> **Your objective**: Could you write out every entry exactly as it stands?

> **Given information**:
+---+

lemma potential_price_rebid:
  fixes A :: "'b::{finite,linorder} set"
  assumes agree: "\<And>j. j \<noteq> i \<Longrightarrow> v1 j = v2 j"
    and i: "i \<in> potential m v1 A W - W" and bid: "price m v1 A W < v2 i"
  shows "potential m v2 A W = potential m v1 A W" and "price m v2 A W = price m v1 A W"
proof -
  let ?S = "A - W" and ?k = "m - card W"
  have "potential m v2 A W = potential m v1 A W \<and> price m v2 A W = price m v1 A W"
  proof (cases "card ?S \<le> ?k")
    case True
    then show ?thesis by (simp add: potential_eq_val_rank price_def)
  next
    case False
    let ?E = "exhausted m v1 A W"
    have E: "?E = {x \<in> ?S. ?k \<le> val_rank v1 ?S x}"
      using False by (simp add: exhausted_eq_val_rank)
    have "?E \<noteq> {}"
      using False exhausted_empty_iff by blast
    have r1: "val_rank v1 ?S i < ?k" and iS: "i \<in> ?S"
      using val_rank_less_if_potential[OF i False] i potential_diff_subset[of m v1 A W] by auto
    have "{y \<in> ?S. val_beats v2 y i} \<subseteq> {y \<in> ?S. val_rank v1 ?S y < ?k} - {i}"
    proof
      fix y assume y: "y \<in> {y \<in> ?S. val_beats v2 y i}"
      then have "y \<noteq> i" and "v2 y \<ge> v2 i"
        by (auto simp: val_beats_def)
      then have "v1 y \<ge> v2 i"
        using agree by simp
      then have "y \<notin> ?E"
        using bid \<open>?E \<noteq> {}\<close> by (auto simp: price_eq_Max_exhausted)
      then show "y \<in> {y \<in> ?S. val_rank v1 ?S y < ?k} - {i}"
        using y \<open>y \<noteq> i\<close> E(1) by auto
    qed
    then have "val_rank v2 ?S i \<le> card ({y \<in> ?S. val_rank v1 ?S y < ?k} - {i})"
      unfolding val_rank_def by (intro card_mono) auto
    also have "\<dots> \<le> ?k - 1"
      using iS r1 card_val_rank_less_le[where S="?S" and v=v1 and k="?k"] by simp
    finally have r2: "val_rank v2 ?S i < ?k"
      using r1 by linarith
    have agree': "\<And>j. j \<noteq> i \<Longrightarrow> v2 j = v1 j"
      using agree by metis
    have top: "val_rank v1 ?S x < ?k \<longleftrightarrow> val_rank v2 ?S x < ?k" if "x \<in> ?S" for x
    proof (cases "x = i")
      case False
      then show ?thesis
        using val_rank_less_update_other[OF agree iS that False r1]
          val_rank_less_update_other[OF agree' iS that False r2] by blast
    qed (use r1 r2 in simp)
    have pot: "potential m v2 A W = potential m v1 A W"
      using False top by (auto simp: potential_eq_val_rank)
    then have "exhausted m v2 A W = ?E"
      by (simp add: exhausted_def)
    moreover have "v2 x = v1 x" if "x \<in> ?E" for x
      using that r1 E agree[of x] by (cases "x = i") auto
    then have "v2 ` ?E = v1 ` ?E"
      by (rule image_cong[OF refl])
    ultimately have "price m v2 A W = price m v1 A W"
      using \<open>?E \<noteq> {}\<close> by (simp add: price_eq_Max_exhausted)
    with pot show ?thesis ..
  qed
  then show "potential m v2 A W = potential m v1 A W" "price m v2 A W = price m v1 A W"
    by auto
qed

+---+

> **Solution to the exercise**:
lemma potential_price_rebid:
  fixes A :: "'b::{finite,linorder} set"
  assumes agree: "\<And>j. j \<noteq> i \<Longrightarrow> v1 j = v2 j"
    and i: "i \<in> potential m v1 A W - W" and bid: "price m v1 A W < v2 i"
  shows "potential m v2 A W = potential m v1 A W" and "price m v2 A W = price m v1 A W"
proof -
  let ?S = "A - W" and ?k = "m - card W"
  have "potential m v2 A W = potential m v1 A W \<and> price m v2 A W = price m v1 A W"
  proof (cases "card ?S \<le> ?k")
    case True
    then show ?thesis by (simp add: potential_eq_val_rank price_def)
  next
    case False
    let ?E = "exhausted m v1 A W"
    have E: "?E = {x \<in> ?S. ?k \<le> val_rank v1 ?S x}"
      using False by (simp add: exhausted_eq_val_rank)
    have "?E \<noteq> {}"
      using False exhausted_empty_iff by blast
    have r1: "val_rank v1 ?S i < ?k" and iS: "i \<in> ?S"
      using val_rank_less_if_potential[OF i False] i potential_diff_subset[of m v1 A W] by auto
    have "{y \<in> ?S. val_beats v2 y i} \<subseteq> {y \<in> ?S. val_rank v1 ?S y < ?k} - {i}"
    proof
      fix y assume y: "y \<in> {y \<in> ?S. val_beats v2 y i}"
      then have "y \<noteq> i" and "v2 y \<ge> v2 i"
        by (auto simp: val_beats_def)
      then have "v1 y \<ge> v2 i"
        using agree by simp
      then have "y \<notin> ?E"
        using bid \<open>?E \<noteq> {}\<close> by (auto simp: price_eq_Max_exhausted)
      then show "y \<in> {y \<in> ?S. val_rank v1 ?S y < ?k} - {i}"
        using y \<open>y \<noteq> i\<close> E(1) by auto
    qed
    then have "val_rank v2 ?S i \<le> card ({y \<in> ?S. val_rank v1 ?S y < ?k} - {i})"
      unfolding val_rank_def by (intro card_mono) auto
    also have "\<dots> \<le> ?k - 1"
      using iS r1 card_val_rank_less_le[where S="?S" and v=v1 and k="?k"] by simp
    finally have r2: "val_rank v2 ?S i < ?k"
      using r1 by linarith
    have agree': "\<And>j. j \<noteq> i \<Longrightarrow> v2 j = v1 j"
      using agree by metis
    have top: "val_rank v1 ?S x < ?k \<longleftrightarrow> val_rank v2 ?S x < ?k" if "x \<in> ?S" for x
    proof (cases "x = i")
      case False
      then show ?thesis
        using val_rank_less_update_other[OF agree iS that False r1]
          val_rank_less_update_other[OF agree' iS that False r2] by blast
    qed (use r1 r2 in simp)
    have pot: "potential m v2 A W = potential m v1 A W"
      using False top by (auto simp: potential_eq_val_rank)
    then have "exhausted m v2 A W = ?E"
      by (simp add: exhausted_def)
    moreover have "v2 x = v1 x" if "x \<in> ?E" for x
      using that r1 E agree[of x] by (cases "x = i") auto
    then have "v2 ` ?E = v1 ` ?E"
      by (rule image_cong[OF refl])
    ultimately have "price m v2 A W = price m v1 A W"
      using \<open>?E \<noteq> {}\<close> by (simp add: price_eq_Max_exhausted)
    with pot show ?thesis ..
  qed
  then show "potential m v2 A W = potential m v1 A W" "price m v2 A W = price m v1 A W"
    by auto
qed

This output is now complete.